[Task brief]
Some lines of the records below include the word "where". Report how many, and write nothing besides the number.

[Data records]
lemma single_hop_outage_le:
  assumes "M \<ge> 1" "B > 0" "T > 0" "W > 0" "iid_CN01_fading P h M N" "avg_snr Pt W sigma0 > 0"
  shows "single_hop_outage P h M N B T W sigma0 Pt
           \<le> N * (4 * (2 powr (real N * B / (T * W)) - 1) / (pi * avg_snr Pt W sigma0)) ^ M"
proof -
  interpret prob_space P
    using assms(5) by (simp add: iid_CN01_fading_def)
  define \<rho> where "\<rho> = avg_snr Pt W sigma0"
  define c where "c = 2 powr (real N * B / (T * W)) - 1"
  define a where "a = sqrt (c / \<rho>)"
  have "0 \<le> c"
    using ge_one_powr_ge_zero[of 2 "real N * B / (T * W)"] assms(2-4) by (simp add: c_def)
  then have a: "0 \<le> a" "\<rho> * a\<^sup>2 = c"
    using assms(6) by (auto simp: a_def \<rho>_def)
  define E where "E j = {\<omega> \<in> space P. \<forall>i\<in>{1..M}. Re (h i j \<omega>) \<in> {-a<..<a} \<and> Im (h i j \<omega>) \<in> {-a<..<a}}" for j
  have E_sets: "E j \<in> sets P" if "j \<in> {1..N}" for j
    unfolding E_def using that by (rule iid_CN01_fading_device_event_measurable[OF assms(5)]) simp
  have threshold: "2 powr (real N * B / (T * W)) - 1 \<le> avg_snr Pt W sigma0 * a\<^sup>2"
    using a(2) by (simp add: \<rho>_def c_def)
  have outage_imp_weak_device: "{\<omega> \<in> space P. T < (\<Sum>j\<in>{1..N}. B / single_hop_rate h M W sigma0 Pt j \<omega>)}
                              \<subseteq> (\<Union>j\<in>{1..N}. E j)"
  proof
    fix \<omega> assume "\<omega> \<in> {\<omega> \<in> space P. T < (\<Sum>j\<in>{1..N}. B / single_hop_rate h M W sigma0 Pt j \<omega>)}"
    then have "\<omega> \<in> space P" and outage: "T < (\<Sum>j\<in>{1..N}. B / single_hop_rate h M W sigma0 Pt j \<omega>)"
      by simp_all
    obtain j where "j \<in> {1..N}"
      and "\<forall>i\<in>{1..M}. Re (h i j \<omega>) \<in> {-a<..<a} \<and> Im (h i j \<omega>) \<in> {-a<..<a}"
      using single_hop_outage_imp_weak_device[OF assms(2-4,6) a(1) threshold outage] ..
    then show "\<omega> \<in> (\<Union>j\<in>{1..N}. E j)"
      using \<open>\<omega> \<in> space P\<close> by (intro UN_I[of j]) (simp_all add: E_def)
  qed
  have "single_hop_outage P h M N B T W sigma0 Pt \<le> prob (\<Union>j\<in>{1..N}. E j)"
    unfolding single_hop_outage_def using outage_imp_weak_device E_sets
    by (intro finite_measure_mono) auto
  also have "\<dots> \<le> (\<Sum>j\<in>{1..N}. prob (E j))"
    using E_sets by (intro finite_measure_subadditive_finite) auto
  also have "\<dots> = (\<Sum>j\<in>{1..N}. measure normal_var_half {-a<..<a} ^ (2 * M))"
    unfolding E_def by (intro sum.cong iid_CN01_fading_prob_device[OF assms(5) _ assms(1)]) auto
  also have "\<dots> \<le> (\<Sum>j\<in>{1..N}. (2 * a / sqrt pi) ^ (2 * M))"
    using a(1) by (intro sum_mono power_mono measure_normal_var_half_centered_le) auto
  also have "\<dots> = N * (4 * c / (pi * \<rho>)) ^ M"
  proof -
    have "(2 * a / sqrt pi)\<^sup>2 = 4 * c / (pi * \<rho>)"
      using a(2) assms(6) by (auto simp: \<rho>_def power_mult_distrib power_divide field_simps)
    then show ?thesis
      by (simp add: power_mult)
  qed
  finally show ?thesis
    by (simp add: \<rho>_def c_def)
qed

[Answer for the task]
5